I hope you find something you can use out of this


----------



## gmann (Sep 19, 2008)

Thanks for the info. It's all useful! And yeah I have a 15W bulb and use liquid testing stuff. I have just picked up a book with freshwater tropical fish that I'll be looking through and finding what kind/amount of each fish I want. I'm looking for no more than 6-8 fish approx.

Would NOW be the time to drain my tank a good ways so I can set up live plants? I really LOVE the way java ferns flow in the water.

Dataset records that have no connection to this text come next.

(* Let $Q\in\mathcal{Q}(n,d,m)$ and $\underline{\delta}\in\Omega_3(Q)$. Then $|\underline{\delta}|\leq m(d-n+1)$.
   Context: A quiver $Q$ is a finite oriented graph; for an arrow $a$, $a''$ is its tail and $a'$ its head. A path $a=a_1\cdots a_s$ ($a_i$ arrows) satisfies $a_i'=a_{i+1}''$; it is closed if $a_1''=a_s'$; $V(a)=\{a_1'',a_1',\dots,a_s'\}$, $A(a)=\{a_1,\dots,a_s\}$. A closed path is primitive if each vertex of $V(a)$ is the head of exactly one $a_i$. $m(Q)$ is the maximal degree of a primitive closed path; $Q$ is strongly connected if some closed path contains all vertices; $\mathcal{Q}(n,d,m)$ is the set of strongly connected quivers with $n$ vertices, $d$ arrows and $m(Q)=m$. The multidegree $\mathrm{mdeg}(a)\in\mathbb{N}^{\#A(Q)}$ of a path $a$ has $b$-component equal to the number of $i$ with $a_i=b$. For $\underline{\delta}\in\mathbb{N}^{\#A(Q)}$, $|\underline{\delta}|=\sum_b\delta_b$. $\Omega_0(Q)$ is the set of $\mathrm{mdeg}(h)$ for closed paths $h$ in $Q$ with $A(h)=A(Q)$. A path $a$ is $\underline{\delta}$-double if it is a primitive closed path and $\delta_{a_i}\geq2$ for all $i$. $\Omega_3(Q)$ is the set of $\underline{\delta}\in\Omega_0(Q)$ such that there is no $\underline{\delta}$-double path in $Q$. *)

theory Defs
  imports Main
begin

text \<open>A quiver is given by a vertex set V, an arrow set A, and tail/head maps
  (tl_of a = a'', hd_of a = a'). Multiple arrows and loops are allowed.\<close>

definition quiver :: "'v set \<Rightarrow> 'a set \<Rightarrow> ('a \<Rightarrow> 'v) \<Rightarrow> ('a \<Rightarrow> 'v) \<Rightarrow> bool" where
  "quiver V A tl_of hd_of \<longleftrightarrow> finite V \<and> finite A \<and>
     (\<forall>a\<in>A. tl_of a \<in> V \<and> hd_of a \<in> V)"

definition is_path :: "'a set \<Rightarrow> ('a \<Rightarrow> 'v) \<Rightarrow> ('a \<Rightarrow> 'v) \<Rightarrow> 'a list \<Rightarrow> bool" where
  "is_path A tl_of hd_of p \<longleftrightarrow> p \<noteq> [] \<and> set p \<subseteq> A \<and>
     (\<forall>i. Suc i < length p \<longrightarrow> hd_of (p ! i) = tl_of (p ! Suc i))"

definition closed_path :: "'a set \<Rightarrow> ('a \<Rightarrow> 'v) \<Rightarrow> ('a \<Rightarrow> 'v) \<Rightarrow> 'a list \<Rightarrow> bool" where
  "closed_path A tl_of hd_of p \<longleftrightarrow> is_path A tl_of hd_of p \<and> tl_of (hd p) = hd_of (last p)"

definition path_verts :: "('a \<Rightarrow> 'v) \<Rightarrow> ('a \<Rightarrow> 'v) \<Rightarrow> 'a list \<Rightarrow> 'v set" where
  "path_verts tl_of hd_of p = insert (tl_of (hd p)) (hd_of ` set p)"

definition primitive_closed :: "'a set \<Rightarrow> ('a \<Rightarrow> 'v) \<Rightarrow> ('a \<Rightarrow> 'v) \<Rightarrow> 'a list \<Rightarrow> bool" where
  "primitive_closed A tl_of hd_of p \<longleftrightarrow> closed_path A tl_of hd_of p \<and>
     (\<forall>v\<in>path_verts tl_of hd_of p. card {i. i < length p \<and> hd_of (p ! i) = v} = 1)"

definition mQ :: "'a set \<Rightarrow> ('a \<Rightarrow> 'v) \<Rightarrow> ('a \<Rightarrow> 'v) \<Rightarrow> nat" where
  "mQ A tl_of hd_of = Max {length p | p. primitive_closed A tl_of hd_of p}"

definition strongly_connected :: "'v set \<Rightarrow> 'a set \<Rightarrow> ('a \<Rightarrow> 'v) \<Rightarrow> ('a \<Rightarrow> 'v) \<Rightarrow> bool" where
  "strongly_connected V A tl_of hd_of \<longleftrightarrow>
     (\<exists>p. closed_path A tl_of hd_of p \<and> V \<subseteq> path_verts tl_of hd_of p)"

Again, thanks for the input. It helped a lot knowing that I did do just about everything right. Would you have recommend me doing more frequent water changes to remove the ammonia? What do people use when doing water changes and how? I sit at the tub with the water on till it gets to the right temperature, use an old cleaned out 1 gal milk jug and just run back and forth filling it.


----------



## gmann (Sep 19, 2008)

One other plant question. Do plants adapt to their surroundings? My aquarium is only 12" tall and I always see java ferns that are about 20" tall, but are in larger tanks.


----------



## BigBrownTank (Aug 2, 2008)

was i supposed to add salt to my tank???


----------



## gmann (Sep 19, 2008)

Update:

Added 3 big fin zebra danios to my tank last week along with a small java fern plant. The ammonia is down to 0 ppm and ph is hanging where it's been at 7.6 BUT my nitrites still are at around 2... Anyone have any ideas? I've only been feeding them what they are able to eat within about 2 minutes (these guys are SMART, as soon as I open the hood they are up there saying hi to me and waiting to dine) once a day.

I also have been using aged water. I get it out of the faucet into old plastic milk jugs and let it sit for about a week+ with the cap off. 

The fish are VERY active and appear healthy (fins spread, no spots, etc).


----------



## aconrad (Apr 30, 2008)

Your question about the plants, in some plants they will adapt, some are just going to grow right out of the tank or hit the top and keep going. You could always trim the java fern, even though ive never gotten one that tall.


----------